What is $\lim_{x\to \infty}f(x)=\lim_{x\to \infty}\int_{0}^{x}\prod_{n=1}^{\infty}\left(1-e^{-t-n}\right)dt-x+1$

Question

Working on the Gamma function I found the following:

Let

$$f(x)=\int_{0}^{x}\prod_{n=1}^{\infty}\left(1-e^{-t-n}\right)dt-x+1.$$

What is the limit

$$\lim_{x\to \infty}f(x)=\,?$$

As possible guess it's near by the absissa of the minimum for the factorial function which is $x\simeq 0.4616$.

Question:

Does it admits a closed form?

Answer 1

$$f(x)=(1-x)+\int_0^x \frac{e^t}{e^t-1} \left(e^{-t};\frac{1}{e}\right){}_{\infty }\,\,dt$$ does not seem to have a closed form.
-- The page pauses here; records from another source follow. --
lemma lookup_mult_as_sum:
  "Poly_Mapping.lookup (F * G) e =
     (\<Sum>a\<in>Poly_Mapping.keys F. \<Sum>b\<in>Poly_Mapping.keys G. (Poly_Mapping.lookup F a * Poly_Mapping.lookup G b when e = a + b))"
  by (subst mult_poly_mapping_as_sum) (simp add: lookup_sum lookup_single when_def eq_commute)

lemma lookup_single_mult:
  fixes F :: "('a::ab_group_add \<Rightarrow>\<^sub>0 'b::comm_ring_1)"
  shows "Poly_Mapping.lookup (Poly_Mapping.single u c * F) e = c * Poly_Mapping.lookup F (e - u)"
proof (cases "c = 0")
  case False
  have "Poly_Mapping.lookup (Poly_Mapping.single u c * F) e =
     (\<Sum>b\<in>Poly_Mapping.keys F. (c * Poly_Mapping.lookup F b when e = u + b))"
    using False by (simp add: lookup_mult_as_sum)
  also have "\<dots> = (\<Sum>b\<in>Poly_Mapping.keys F \<inter> {e - u}. c * Poly_Mapping.lookup F b)"
    by (rule sum.mono_neutral_cong_right) (auto simp: when_def algebra_simps)
  also have "\<dots> = c * Poly_Mapping.lookup F (e - u)"
    by (cases "e - u \<in> Poly_Mapping.keys F") (auto simp: in_keys_iff)
  finally show ?thesis .
qed simp

lemma pm_push_superset:
  assumes "finite S" "Poly_Mapping.keys F \<subseteq> S" "\<phi> 0 = 0"
  shows "pm_push s \<phi> F = (\<Sum>e\<in>S. Poly_Mapping.single (s e) (\<phi> (Poly_Mapping.lookup F e)))"
  unfolding pm_push_def
  by (rule sum.mono_neutral_left) (use assms in \<open>auto simp: in_keys_iff\<close>)

lemma lookup_pm_push:
  "Poly_Mapping.lookup (pm_push s \<phi> F) x = (\<Sum>e\<in>{e\<in>Poly_Mapping.keys F. s e = x}. \<phi> (Poly_Mapping.lookup F e))"
  unfolding pm_push_def lookup_sum lookup_single
  by (rule sum.mono_neutral_cong_right) (auto simp: when_def)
Numerically, the convergence is quite fast $$\left( \begin{array}{cc} x & f(x) \\ 10 & 0.4620257654385160639655594317 \\ 15 & 0.4619995218587963453456974771 \\ 20 & 0.4619993450303188952646355559 \\ 25 & 0.4619993438388579577552602090 \\ 30 & 0.4619993438308299571055464707 \\ 35 & 0.4619993438307758648626600170 \\ 40 & 0.4619993438307755003919943864 \\ 45 & 0.4619993438307754979362103587 \\ 50 & 0.4619993438307754979196634161 \\ 55 & 0.4619993438307754979195519237 \\ 60 & 0.4619993438307754979195511724 \\ 65 & 0.4619993438307754979195511669 \\ 70 & 0.4619993438307754979195511671 \\ 75 & 0.4619993438307754979195511673 \\ \end{array} \right)$$

Nothing found using inverse symbolic calculators (interesting are the two expressions above and below this value in the $ISC$).

Answer 2

$\prod_{n=1}^{\infty}\left(1-e^{-t-n}\right)$ has its roots at $t=-n, t \in (-\infty, -1]$

Also $$\sin(x) = x\prod_{n=1}^\infty \left(1-\frac{x^2}{n^2\pi^2}\right)$$

$$\frac{\sin(\pi x)}{\pi x} = \prod_{n=1}^\infty \left(1-\frac{x^2}{n^2}\right)$$

$$\frac{\sin(\pi e^{\frac{-x}{2}})}{\pi}e^{\frac{x}{2}} = \prod_{n=1}^\infty \left(1-\frac{e^{-x}}{n^2}\right)$$ The last problem seems to be how to convert $n^{2}$ to $e^n$. This is probably a modification of a infinite product, I found some similarities with the $\sin(x)$ one but it didnot work out in the end.

Answer 3

Not a closed form, but a rapidly (i.e. quadratically) convergent series, worth noting: $$\color{blue}{1-\frac1{e-1}+\frac1{2(e-1)(e^2-1)}-\frac1{3(e-1)(e^2-1)(e^3-1)}+\dots}$$ Indeed, we're evaluating $1-I(e^{-1})$ where, in this notation, $$I(q)=\int_0^\infty\big(1-(qe^{-t};q)_\infty\big)\,dt=\sum_{n=1}^\infty(-1)^{n-1}\frac{q^{n(n+1)/2}}{n(q;q)_n}$$ after using a series for $(x;q)_\infty$ from here, and termwise integration.